Clare smiled across at him. "Poor Alan, you just can't help it can you?"
"What can't I help?" Alan was worried, what was going through her mind now?
"You're so irresistible to women, Alan, you're just so handsome. They can't help themselves."
She was laughing at him now and Alan didn't like it.
"Well, they'd better not help themselves! I'm private property and they'd better keep their hands off." said Alan in disgust. "I want nothing to do with women, nothing at all. I've had enough of women to last a lifetime!"
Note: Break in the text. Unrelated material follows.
(* Assume $\rho$ satisfies the Loss Kernel Assumption, let $\xi\ge0$, let $X^{(k)}\in\mathcal X$, and define for $X\in\mathbb R^{d\times(d+1)n}$ $$G(X\mid X^{(k)})=\sum_{\alpha\in\mathcal A}\sum_{(i,j)\in\vec{\mathcal E}^{\alpha\alpha}}F^{\alpha\alpha}_{ij}(X)+\sum_{\alpha\ne\beta}\sum_{(i,j)\in\vec{\mathcal E}^{\alpha\beta}}E^{\alpha\beta}_{ij}(X\mid X^{(k)})+\tfrac{\xi}{2}\|X-X^{(k)}\|^2 .$$ Then there exist positive semidefinite matrices $\Gamma^{\alpha(k)}\in\mathbb R^{(d+1)n_\alpha\times(d+1)n_\alpha}$, $\alpha\in\mathcal A$ (depending on $X^{(k)}$), such that, with $\Gamma^{(k)}=\mathrm{diag}(\Gamma^{1(k)},\dots,\Gamma^{|\mathcal A|(k)})$: (a) $G(X\mid X^{(k)})=\sum_{\alpha\in\mathcal A}G^\alpha(X^\alpha\mid X^{(k)})+F(X^{(k)})$, where $G^\alpha(X^\alpha\mid X^{(k)})=\frac12\|X^\alpha-X^{\alpha(k)}\|^2_{\Gamma^{\alpha(k)}}+\langle\nabla_{X^\alpha}F(X^{(k)}),X^\alpha-X^{\alpha(k)}\rangle$; (b) $G(X\mid X^{(k)})=\frac12\|X-X^{(k)}\|^2_{\Gamma^{(k)}}+\langle\nabla F(X^{(k)}),X-X^{(k)}\rangle+F(X^{(k)})$, and $G(X\mid X^{(k)})\ge F(X)$ for all $X$, with equality if $X=X^{(k)}$; (c) $\Gamma^{(k)}\succeq M^{(k)}$; (d) there is a constant PSD matrix $\Gamma\in\mathbb R^{(d+1)n\times(d+1)n}$, independent of $X^{(k)}$, with $\Gamma\succeq\Gamma^{(k)}$ for every $X^{(k)}\in\mathcal X$.
   Context: Setup. Fix an integer $d\ge 2$, a finite set of nodes $\mathcal A=\{1,\dots,|\mathcal A|\}$, positive integers $n_\alpha$ ($\alpha\in\mathcal A$) and $n=\sum_{\alpha}n_\alpha$. An element $X\in\mathbb R^{d\times(d+1)n}$ is written $X=[X^1\ \cdots\ X^{|\mathcal A|}]$ with $X^\alpha=[t^\alpha\ R^\alpha]\in\mathbb R^{d\times(d+1)n_\alpha}$, where $t^\alpha=[t^\alpha_1\ \cdots\ t^\alpha_{n_\alpha}]$ with $t^\alpha_i\in\mathbb R^d$ and $R^\alpha=[R^\alpha_1\ \cdots\ R^\alpha_{n_\alpha}]$ with $R^\alpha_i\in\mathbb R^{d\times d}$; write $X^\alpha_i=[t^\alpha_i\ R^\alpha_i]\in\mathbb R^{d\times(d+1)}$. The feasible set is $\mathcal X=\{X:\ R^\alpha_i\in SO(d)\ \forall\alpha,i\}$; $X^{(k)}=[X^{1(k)}\ \cdots\ X^{|\mathcal A|(k)}]$. We use $\langle A,B\rangle=\mathrm{tr}(AB^\top)$, $\|\cdot\|$ the Frobenius norm, and for PSD $M$, $\|Y\|_M^2=\mathrm{tr}(YMY^\top)$. Data: for each ordered pair $(\alpha,\beta)\in\mathcal A\times\mathcal A$ (including $\alpha=\beta$) a finite set $\vec{\mathcal E}^{\alpha\beta}\subseteq\{1,\dots,n_\alpha\}\times\{1,\dots,n_\beta\}$, and for each $(i,j)\in\vec{\mathcal E}^{\alpha\beta}$ a rotation $\tilde R^{\alpha\beta}_{ij}\in SO(d)$, a vector $\tilde t^{\alpha\beta}_{ij}\in\mathbb R^d$ and weights $\kappa^{\alpha\beta}_{ij},\tau^{\alpha\beta}_{ij}\ge0$. For $(i,j)\in\vec{\mathcal E}^{\alpha\beta}$ define the quadratic form on $\mathbb R^{d\times(d+1)n}$ $$q^{\alpha\beta}_{ij}(X)=\kappa^{\alpha\beta}_{ij}\|R^\alpha_i\tilde R^{\alpha\beta}_{ij}-R^\beta_j\|^2+\tau^{\alpha\beta}_{ij}\|R^\alpha_i\tilde t^{\alpha\beta}_{ij}+t^\alpha_i-t^\beta_j\|^2 .$$ Loss Kernel Assumption: $\rho:\mathbb R^+\to\mathbb R$ ($\mathbb R^+=[0,\infty)$) satisfies (a) $\rho(s)\ge0$ with equality iff $s=0$; (b) $\rho$ is continuously differentiable on $\mathbb R^+$; (c) $\rho$ is concave; (d) $0\le\rho'(s)\le1$ for all $s\ge0$ and $\rho'(0)=1$; (e) $\varphi(X)=\rho(\|X\|^2)$ has Lipschitz continuous gradient on $\mathbb R^{m\times n}$. Define $F^{\alpha\alpha}_{ij}(X)=\frac12q^{\alpha\alpha}_{ij}(X)$ for $(i,j)\in\vec{\mathcal E}^{\alpha\alpha}$ and $F^{\alpha\beta}_{ij}(X)=\frac12\rho\big(q^{\alpha\beta}_{ij}(X)\big)$ for $\alpha\ne\beta$, $(i,j)\in\vec{\mathcal E}^{\alpha\beta}$ (defined on all of $\mathbb R^{d\times(d+1)n}$), and the objective $$F(X)=\sum_{\alpha\in\mathcal A}\sum_{(i,j)\in\vec{\mathcal E}^{\alpha\alpha}}F^{\alpha\alpha}_{ij}(X)+\sum_{\alpha\ne\beta}\sum_{(i,j)\in\vec{\mathcal E}^{\alpha\beta}}F^{\alpha\beta}_{ij}(X).$$ $\nabla$ denotes the Euclidean gradient and $\nabla_{X^\alpha}$ the partial gradient w.r.t. the block $X^\alpha$. Weights: $\omega^{\alpha\beta(k)}_{ij}=1$ if $\alpha=\beta$ and $\omega^{\alpha\beta(k)}_{ij}=\rho'\big(q^{\alpha\beta}_{ij}(X^{(k)})\big)$ if $\alpha\neq\beta$. Decoupled quadratic form: for $(i,j)\in\vec{\mathcal E}^{\alpha\beta}$, $$p^{\alpha\beta}_{ij}(X)=2\Big(\kappa^{\alpha\beta}_{ij}\|R^\alpha_i\|^2+\kappa^{\alpha\beta}_{ij}\|R^\beta_j\|^2+\tau^{\alpha\beta}_{ij}\|R^\alpha_i\tilde t^{\alpha\beta}_{ij}+t^\alpha_i\|^2+\tau^{\alpha\beta}_{ij}\|t^\beta_j\|^2\Big),$$ and $E^{\alpha\beta}_{ij}(X\mid X^{(k)})=\tfrac12\omega^{\alpha\beta(k)}_{ij}\,p^{\alpha\beta}_{ij}(X-X^{(k)})+\langle\nabla F^{\alpha\beta}_{ij}(X^{(k)}),X-X^{(k)}\rangle+F^{\alpha\beta}_{ij}(X^{(k)})$. The PSD matrix $M^{(k)}\in\mathbb R^{(d+1)n\times(d+1)n}$ is defined by $\|Y\|^2_{M^{(k)}}=\sum_{\alpha}\sum_{(i,j)\in\vec{\mathcal E}^{\alpha\alpha}}q^{\alpha\alpha}_{ij}(Y)+\sum_{\alpha\ne\beta}\sum_{(i,j)\in\vec{\mathcal E}^{\alpha\beta}}\omega^{\alpha\beta(k)}_{ij}q^{\alpha\beta}_{ij}(Y)$ for all $Y$. *)

theory Defs
  imports "HOL-Analysis.Convex" "Jordan_Normal_Form.Determinant"
begin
Clare seemed convinced and she grew serious.
"I'm sorry Alan, you do forgive me don't you?"
Alan looked at her and his heart missed a beat and again, he swallowed hard, before he said,
"Of course I forgive you, Clare, but do you forgive me?"
"Yes, of course." She smiled again and left his office and Alan watched her leave.
'Right then', thought Alan, 'definitely back to the whiskey tonight'. To repeat today's goings on would be disastrous, who knew what the consequences would be? He must not over-react. If Clare got wind of it she might leave, she might not want his attentions. He sighed deeply. Oh, life was hard! If you were a 'Heel' you were nearer the ground...of course it was hard, you were nearer the concrete!